Arthur Ashe Stadium was nearly empty, but it was not quiet at the United States Open on a day which would have normally been a hectic Labor Day holiday.

Serena Williams, who has been bolstered by the support of thousands of boisterous fans here over the years, was her own chorus on Monday as she pushed herself to a victory over Maria Sakkari, 6-3, 6-7 (6), 6-3 in the fourth round of the U.S. Open.

“I’m always going to bring that fire and that passion and that Serena to the court,” said Williams, who has been referring to herself in the third person perhaps more than ever during this tournament.

She screamed when she lost points; she screamed when she won points. At one crucial moment, she even made a loud noise when one of Sakkari’s first serves landed in the net.

“I don’t feel like I’m super different without a crowd, but I’m super passionate,” Williams said after the match. “This is my job. This is what I wake up to do. This is what I train to do 365 days of the year.”

Though her intensity was the same, Williams said in an on-court interview after the match that she felt “less pressure” without thousands of fans there desperate for her to win.

“It’s also different because breaks are longer when the fans are here, the clapping is longer — I could have used a little bit of this in this match,” she said, laughing.

The win was Williams’s 100th career victory in the stadium; Roger Federer is a distant second on the career list, with 77 victories in Ashe.

The win put her into the quarterfinal of a Grand Slam tournament for the 53rd time.

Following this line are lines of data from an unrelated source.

theorem proposition3:
  shows
   "(\<exists>(\<Sigma>::nat set) (w::nat \<Rightarrow> nat). finite \<Sigma> \<and> range w \<subseteq> \<Sigma> \<and>
        (\<forall>a\<in>\<Sigma>. \<exists>r\<in>\<rat>. (\<lambda>n. rho a (pref n w)) \<longlonglongrightarrow> r) \<and>
        \<not> weak_abelian_periodic \<Sigma> w)
    \<and>
    (\<forall>(\<Sigma>::'a set) (w::nat \<Rightarrow> 'a) a r. finite \<Sigma> \<and> range w \<subseteq> \<Sigma> \<and> a \<in> \<Sigma> \<and>
        (\<lambda>n. rho a (pref n w)) \<longlonglongrightarrow> r \<and> r \<notin> \<rat> \<longrightarrow>
        \<not> weak_abelian_periodic \<Sigma> w)
    \<and>
    (\<forall>(\<Sigma>::'b set) (w::nat \<Rightarrow> 'b). card \<Sigma> = 2 \<and> range w \<subseteq> \<Sigma> \<and>
        \<not> has_letter_frequencies \<Sigma> w \<longrightarrow> weak_abelian_periodic \<Sigma> w)
    \<and>
    (\<exists>(\<Sigma>::nat set) (w::nat \<Rightarrow> nat). card \<Sigma> = 3 \<and> range w \<subseteq> \<Sigma> \<and>
        \<not> has_letter_frequencies \<Sigma> w \<and> \<not> weak_abelian_periodic \<Sigma> w)"
proof (intro conjI allI impI)
  show "\<exists>(\<Sigma>::nat set) w. finite \<Sigma> \<and> range w \<subseteq> \<Sigma> \<and>
      (\<forall>a\<in>\<Sigma>. \<exists>r\<in>\<rat>. (\<lambda>n. rho a (pref n w)) \<longlonglongrightarrow> r) \<and> \<not> weak_abelian_periodic \<Sigma> w"
    using sparse_word_zero_frequency_tendsto_one sparse_word.frequency_tendsto_zero
      sparse_word.not_weak_abelian_periodic[of "{0, 1}"]
    by (intro exI[of _ "{0, 1}"] exI[of _ sparse_word]) (auto simp: sparse_word_def)
  show "\<not> weak_abelian_periodic \<Sigma> w"
    if "finite \<Sigma> \<and> range w \<subseteq> \<Sigma> \<and> a \<in> \<Sigma> \<and> (\<lambda>n. rho a (pref n w)) \<longlonglongrightarrow> r \<and> r \<notin> \<rat>"
    for \<Sigma> :: "'a set" and w a r
    using that irrational_frequency_not_weak_abelian_periodic[of a \<Sigma> w r] by simp
  show "weak_abelian_periodic \<Sigma> w"
    if "card \<Sigma> = 2 \<and> range w \<subseteq> \<Sigma> \<and> \<not> has_letter_frequencies \<Sigma> w"
    for \<Sigma> :: "'b set" and w
    using that weak_abelian_periodic_if_no_letter_frequencies by blast
  show "\<exists>(\<Sigma>::nat set) w. card \<Sigma> = 3 \<and> range w \<subseteq> \<Sigma> \<and>
      \<not> has_letter_frequencies \<Sigma> w \<and> \<not> weak_abelian_periodic \<Sigma> w"
    using ternary_word_frequency_not_convergent ternary_word.not_weak_abelian_periodic[of "{0, 1, 2}"]
    by (intro exI[of _ "{0, 1, 2}"] exI[of _ ternary_word])
      (auto simp: ternary_word_def has_letter_frequencies_def)
qed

Sakkari, one of the fittest and most athletic players in the sport, was a rare opponent to best Williams in several service categories: she hit 13 aces to Williams’s 12, and she won more points on her first serve. But Williams was more effective at aggressively returning second serves, which proved pivotal as she broke Sakkari’s serve three times and dropped her own just once.

The 13th-seeded Sakkari had defeated the third-seeded Williams two weeks ago in the Western & Southern Open, which was also held on the U.S. Open grounds instead of its usual home in Mason, Ohio, near Cincinnati.

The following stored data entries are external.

(* Let $n\geq 2$ and let $m\geq 2$ be an integer. Let $f\in L^{m/(m-1)}(\mathbb{R}^n)$ be a continuous nonnegative function with $f = f^{*_{\mathbf{e}}}$ for some $\mathbf{e}\in\mathbb{S}^{n-1}$, and assume that $$f(x) = h(x)\,(f*\cdots*f)(x)\quad\text{for all } x\in\mathbb{R}^n,$$ where the convolution product has $m$ factors and $h:\mathbb{R}^n\to(0,+\infty)$ is a continuous positive function. Then the set $\{x\in\mathbb{R}^n : f(x)>0\}$ is connected.
   Context: Symmetric-decreasing rearrangement: for a finite-measure set $A\subset\mathbb{R}^k$, $A^*$ is the centered open ball with the same measure; for measurable $u$ vanishing at infinity, $u^*(x)=\int_0^\infty\chi_{\{|u|>t\}^*}(x)\,dt$. Steiner symmetrization: with $x=(x_1,x')\in\mathbb{R}\times\mathbb{R}^{n-1}$, $u^{*_1}(x_1,x') := (u(x_1,\cdot))^*(x')$ (rearrangement in $\mathbb{R}^{n-1}$ for fixed $x_1$); for $\mathbf{e}\in\mathbb{S}^{n-1}$ pick $\mathsf{R}\in\mathrm{O}(n)$ with $\mathsf{R}\mathbf{e}=(1,0,\dots,0)$, $(\mathsf{R}u)(x)=u(\mathsf{R}^{-1}x)$, $u^{*_{\mathbf{e}}}:=\mathsf{R}^{-1}((\mathsf{R}u)^{*_1})$. *)

theory Defs
  imports "HOL-Analysis.Analysis"
begin

text \<open>We model \<open>\<real>\<^sup>n\<close> as the product type \<open>real \<times> 'b\<close>, where \<open>'b\<close> is a Euclidean space
  playing the role of \<open>\<real>\<^sup>n\<^sup>-\<^sup>1\<close>; thus \<open>n = 1 + DIM('b) \<ge> 2\<close> automatically.\<close>

definition sym_ball :: "'b::euclidean_space set \<Rightarrow> 'b set" where
  "sym_ball A =
     (if emeasure lebesgue A = \<infinity> then UNIV
      else ball 0 (SOME r. 0 \<le> r \<and> emeasure lebesgue (ball (0::'b) r) = emeasure lebesgue A))"

text \<open>Symmetric-decreasing rearrangement (layer-cake), valued in \<open>[0,\<infinity>]\<close>.\<close>
definition sym_rearr :: "('b::euclidean_space \<Rightarrow> real) \<Rightarrow> 'b \<Rightarrow> ennreal" where
  "sym_rearr u x =
     (\<integral>\<^sup>+ t\<in>{0<..}. indicator (sym_ball {y. \<bar>u y\<bar> > t}) x \<partial>lborel)"

definition steiner1 :: "(real \<times> 'b::euclidean_space \<Rightarrow> real) \<Rightarrow> real \<times> 'b \<Rightarrow> ennreal" where
  "steiner1 u x = sym_rearr (\<lambda>y. u (fst x, y)) (snd x)"

definition steiner_dir ::
  "real \<times> 'b::euclidean_space \<Rightarrow> (real \<times> 'b \<Rightarrow> real) \<Rightarrow> real \<times> 'b \<Rightarrow> ennreal" where
  "steiner_dir e u x =
     (let R = (SOME R :: real \<times> 'b \<Rightarrow> real \<times> 'b. orthogonal_transformation R \<and> R e = (1, 0))
      in steiner1 (u \<circ> inv R) (R x))"

definition conv :: "('a::euclidean_space \<Rightarrow> ennreal) \<Rightarrow> ('a \<Rightarrow> ennreal) \<Rightarrow> 'a \<Rightarrow> ennreal" where
  "conv f g x = (\<integral>\<^sup>+ y. f y * g (x - y) \<partial>lborel)"

text \<open>\<open>conv_pow k f\<close> is the convolution product \<open>f * \<dots> * f\<close> with \<open>k\<close> factors (\<open>k \<ge> 1\<close>).\<close>
fun conv_pow :: "nat \<Rightarrow> ('a::euclidean_space \<Rightarrow> ennreal) \<Rightarrow> 'a \<Rightarrow> ennreal" where
  "conv_pow 0 f = f"
| "conv_pow (Suc 0) f = f"
| "conv_pow (Suc (Suc k)) f = conv f (conv_pow (Suc k) f)"

definition in_Lp :: "real \<Rightarrow> ('a::euclidean_space \<Rightarrow> real) \<Rightarrow> bool" where
  "in_Lp p f \<longleftrightarrow> f \<in> borel_measurable lebesgue \<and>
     (\<integral>\<^sup>+ x. ennreal (\<bar>f x\<bar> powr p) \<partial>lebesgue) < \<infinity>"

end

theory Submission
  imports Defs
begin

text \<open>Rotate \<open>e\<close> to the first coordinate axis. Then \<open>f\<close> is radially decreasing around the axis
  on every hyperplane \<open>{x\<^sub>1 = s}\<close>, so its positivity set \<open>P\<close> is the union of segments joining
  its points to the axis, and \<open>P\<close> is connected as soon as its trace \<open>T\<close> on the axis is.
  Since \<open>f = h (f * \<dots> * f)\<close> with \<open>h > 0\<close> and \<open>f\<close> continuous, \<open>P\<close> equals its own \<open>m\<close>-fold
  sumset: the convolution is bounded below near any sum of \<open>m\<close> points of \<open>P\<close>, and a nonzero
  convolution value at \<open>x\<close> writes \<open>x\<close> as such a sum. Projecting, the open set \<open>T \<subseteq> \<real>\<close> equals
  its \<open>m\<close>-fold sumset, which forces it to be an interval: if it meets both half-lines, the
  combinations \<open>x + (m - 1) y\<close> exhaust \<open>\<real>\<close>; if it lies in \<open>(0, \<infinity>)\<close>, it contains arbitrarily
  small elements (every \<open>t \<in> T\<close> dominates \<open>m s\<close> for some \<open>s \<in> T\<close>), and adding multiples of
  these to a neighbourhood of \<open>t \<in> T\<close> fills \<open>[t, \<infinity>)\<close>.\<close>

definition sumset :: "nat \<Rightarrow> 'a::comm_monoid_add set \<Rightarrow> 'a set" where
  "sumset m S = {\<Sum>i<m. a i | a. \<forall>i<m. a i \<in> S}"

lemma sumset_0 [simp]: "sumset 0 S = {0}"
  by (auto simp: sumset_def)

lemma sumset_Suc: "sumset (Suc m) S = {p + q | p q. p \<in> S \<and> q \<in> sumset m S}"
proof safe
  fix x assume "x \<in> sumset (Suc m) S"
  then obtain a where a: "\<forall>i<Suc m. a i \<in> S" "x = (\<Sum>i<Suc m. a i)"
    by (auto simp: sumset_def)
  then have "x = a 0 + (\<Sum>i<m. a (Suc i))"
    by (simp only: sum.lessThan_Suc_shift)
  moreover have "(\<Sum>i<m. a (Suc i)) \<in> sumset m S"
    using a(1) by (auto simp: sumset_def)
  ultimately show "\<exists>p q. x = p + q \<and> p \<in> S \<and> q \<in> sumset m S"
    using a(1) by blast
next
  fix p q assume "p \<in> S" "q \<in> sumset m S"
  then obtain b where b: "\<forall>i<m. b i \<in> S" "q = (\<Sum>i<m. b i)"
    by (auto simp: sumset_def)
  have "p + q = (\<Sum>i<Suc m. case_nat p b i)"
    using b(2) by (simp only: sum.lessThan_Suc_shift nat.case)
  moreover have "\<forall>i<Suc m. case_nat p b i \<in> S"
    using \<open>p \<in> S\<close> b(1) by (auto split: nat.split)
  ultimately show "p + q \<in> sumset (Suc m) S"
    unfolding sumset_def by blast
qed

lemma sumset_1 [simp]: "sumset (Suc 0) S = S"
  by (simp add: sumset_Suc)

lemma sumset_linear_image:
  assumes "linear L"
  shows "sumset m (L ` S) = L ` sumset m S"
proof safe
  fix x assume "x \<in> sumset m (L ` S)"
  then obtain a where "\<forall>i<m. a i \<in> L ` S" "x = (\<Sum>i<m. a i)"
    by (auto simp: sumset_def)
  moreover from this(1) have "\<forall>i. \<exists>b. i < m \<longrightarrow> b \<in> S \<and> a i = L b"
    by blast
  then obtain b where "\<forall>i<m. b i \<in> S \<and> a i = L (b i)"
    by (metis choice)
  ultimately have "x = L (\<Sum>i<m. b i)" "\<forall>i<m. b i \<in> S"
    by (simp_all add: linear_sum[OF assms])
  then show "x \<in> L ` sumset m S"
    by (auto simp: sumset_def)
next
  fix y assume "y \<in> sumset m S"
  then obtain b where "\<forall>i<m. b i \<in> S" "y = (\<Sum>i<m. b i)"
    by (auto simp: sumset_def)
  then show "L y \<in> sumset m (L ` S)"
    by (auto simp: sumset_def linear_sum[OF assms])
qed

lemma sumset_fixed_add_scaled:
  fixes T :: "'a::comm_semiring_1 set"
  assumes "sumset m T = T" "m > 0" "x \<in> T" "y \<in> T"
  shows "x + of_nat (m - 1) * y \<in> T"
proof -
  obtain k where m: "m = Suc k"
    using \<open>m > 0\<close> gr0_implies_Suc by blast
  have "of_nat k * y \<in> sumset k T"
    unfolding sumset_def using \<open>y \<in> T\<close> by (intro CollectI exI[of _ "\<lambda>_. y"]) simp
  then have "x + of_nat k * y \<in> sumset m T"
    using \<open>x \<in> T\<close> by (auto simp: m sumset_Suc)
  then show ?thesis
    using assms(1) by (simp add: m)
qed

lemma sumset_fixed_ex_le:
  fixes T :: "'a::linordered_semidom set"
  assumes "sumset m T = T" "m > 0" "t \<in> T"
  shows "\<exists>s\<in>T. of_nat m * s \<le> t"
proof -
  obtain a where a: "\<forall>i<m. a i \<in> T" "t = (\<Sum>i<m. a i)"
    using assms by (auto simp: sumset_def)
  have "Min (a ` {..<m}) \<in> a ` {..<m}"
    using \<open>m > 0\<close> by (intro Min_in) auto
  then obtain j where j: "j < m" "a j = Min (a ` {..<m})"
    by auto
  have "of_nat m * a j \<le> t"
    using sum_bounded_below[of "{..<m}" "a j" a] j by (simp add: a(2))
  then show ?thesis
    using a(1) j(1) by blast
qed

lemma add_scaled_closed_iterate:
  fixes T :: "real set"
  assumes closed: "\<And>x y. x \<in> T \<Longrightarrow> y \<in> T \<Longrightarrow> x + d * y \<in> T"
    and "x \<in> T" "y \<in> T"
  shows "x + real j * (d * y) \<in> T"
  using \<open>x \<in> T\<close>
proof (induction j arbitrary: x)
  case (Suc j)
  from Suc.IH[OF closed[OF Suc.prems \<open>y \<in> T\<close>]] show ?case
    by (simp add: algebra_simps)
qed simp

“I was confident. I said to myself ‘I did it once, I can do it again,’” Sakkari said. “That was my mentality up until the end. She just came up with some better tennis when she had to. More experienced, she took her chances when I didn’t.”

Sakkari gained an early edge in the final set by breaking Williams’s serve. Williams all but threw in the towel at a similar juncture in their last match, but with a Grand Slam title on the line, she steeled herself and rallied.

“If you don’t get the chances with the good Serena against you, it’s done, you know?” Sakkari said. “I didn’t get my chances, got broken again. I was ahead, I was a break up, I had to somehow hold serves. One bad game and the match went the other way.”

After a win and a loss against Williams in New York, Sakkari said she was encouraged by her own ability to summon her best tennis without a crowd on hand.

“It’s not easy for everyone to compete without a crowd,” Sakkari said. “Many players were feeling a little bit turned off playing without fans.”

Williams had been turned off by her own effort in her previous match against Sakkari. After squandering a lead against Sakkari in the lead-up tournament, Williams compared her propensity for elongating matches to “dating a guy that you know sucks.”

“It’s like I have got to get rid of this guy. It just makes no sense,” Williams added.

On Monday, Williams laughed when reminded of the analogy.

“I feel this whole tournament I have been doing better with that,” she said. “Thank God I got rid of that guy. I never want to see him again — he was the worst.”